* What is expected *
Copy all lines in the data that contain the string "order".

* Exercise inputs *
lemma mem_B_iff:
  assumes "2 \<le> r"
  shows "lam \<in> B n k r \<longleftrightarrow> length lam = n \<and> spaced k (int r - 1) lam"
proof -
  have "neighborhood (k + 1) (r - 1) lam i j \<longleftrightarrow> i < length lam \<and> j < length lam \<and>
      rank_pos lam j = rank_pos lam i + k \<and> \<not> exceeds_by (int r - 1) lam i j" for i j
  proof -
    have "rho lam i - rho lam j = of_nat (k + 1) - 1 \<longleftrightarrow> rank_pos lam j = rank_pos lam i + k"
      unfolding rho_def by (simp add: algebra_simps flip: of_nat_add)
    moreover have "int (r - 1) = int r - 1" using assms by simp
    ultimately show ?thesis
      unfolding neighborhood_def exceeds_by_def using assms by (cases "i = j") auto
  qed
  then show ?thesis unfolding B_def spaced_def by auto
qed

lemma spaced_obtain_next:
  assumes "spaced k d lam" "x < length lam" "y < length lam"
    and "rank_pos lam x + k \<le> rank_pos lam y"
  obtains z where "z < length lam" "rank_pos lam z = rank_pos lam x + k" "exceeds_by d lam x z"
proof -
  have "rank_pos lam x + k < length lam"
    using assms(3,4) rank_pos_less_length[of y lam] by simp
  then obtain z where "z < length lam" "rank_pos lam z = rank_pos lam x + k"
    using bij_betw_rank_pos[of lam] unfolding bij_betw_def by (metis imageE lessThan_iff)
  with assms show thesis using that unfolding spaced_def by blast
qed

lemma spaced_exceeds_by_mult:
  assumes spaced: "spaced k d lam" and "0 < m"
    and "x < length lam" "y < length lam" "rank_pos lam x + m * k \<le> rank_pos lam y"
  shows "exceeds_by (int m * d) lam x y"
  using assms(2-)
proof (induction m arbitrary: x rule: nat_induct_non_zero)
  case 1
  then obtain z where z: "z < length lam" "rank_pos lam z = rank_pos lam x + k" "exceeds_by d lam x z"
    using spaced_obtain_next[OF spaced] by auto
  have "z = y \<or> outranks lam z y"
    using rank_pos_le_iff[OF z(1) \<open>y < length lam\<close>] z(2) 1 by simp
  then show ?case using exceeds_by_trans[OF z(3)] z(3) by fastforce
next
  case (Suc m)
  have "rank_pos lam x + k \<le> rank_pos lam y" using Suc.prems(3) by simp
  then obtain z where z: "z < length lam" "rank_pos lam z = rank_pos lam x + k" "exceeds_by d lam x z"
    using spaced_obtain_next[OF spaced Suc.prems(1,2)] by blast
  have "exceeds_by (int m * d) lam z y"
    using Suc.IH[OF z(1) \<open>y < length lam\<close>] z(2) Suc.prems(3) by simp
  from exceeds_by_trans[OF z(3) this] show ?case by (simp add: algebra_simps)
qed

lemma spaced_relabel:
  assumes \<sigma>: "bij_betw \<sigma> {..<length w} {..<length lam}"
    and order: "\<And>a b. a < length w \<Longrightarrow> b < length w \<Longrightarrow>
      outranks w a b \<longleftrightarrow> outranks lam (\<sigma> a) (\<sigma> b)"
    and exceeds: "\<And>a b. a < length w \<Longrightarrow> b < length w \<Longrightarrow> outranks w a b \<Longrightarrow>
      exceeds_by d lam (\<sigma> a) (\<sigma> b) \<Longrightarrow> exceeds_by d w a b"
    and "0 < k" and spaced: "spaced k d lam"
  shows "spaced k d w"
  unfolding spaced_def
proof (intro allI impI)
  fix a b assume a: "a < length w" and b: "b < length w"
    and ab: "rank_pos w b = rank_pos w a + k"
  have "\<sigma> a < length lam" "\<sigma> b < length lam"
    using \<sigma> a b unfolding bij_betw_def by auto
  moreover have "rank_pos lam (\<sigma> b) = rank_pos lam (\<sigma> a) + k"
    using ab rank_pos_relabel[OF \<sigma> order] a b by simp
  ultimately have "exceeds_by d lam (\<sigma> a) (\<sigma> b)"
    using spaced unfolding spaced_def by blast
  moreover have "outranks w a b"
    using ab \<open>0 < k\<close> rank_pos_less_iff[OF a b] by simp
  ultimately show "exceeds_by d w a b" using exceeds a b by blast
qed

lemma length_omega: "lam \<noteq> [] \<Longrightarrow> length (omega lam) = length lam"
  unfolding omega_def by simp

lemma omega_nth:
  assumes "lam \<noteq> []" "a < length lam"
  shows "omega lam ! a = lam ! (Suc a mod length lam) + (if Suc a = length lam then 1 else 0)"
  using assms unfolding omega_def by (cases lam) (auto simp: nth_append mod_Suc)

* Your response *
    and order: "\<And>a b. a < length w \<Longrightarrow> b < length w \<Longrightarrow>
    using ab rank_pos_relabel[OF \<sigma> order] a b by simp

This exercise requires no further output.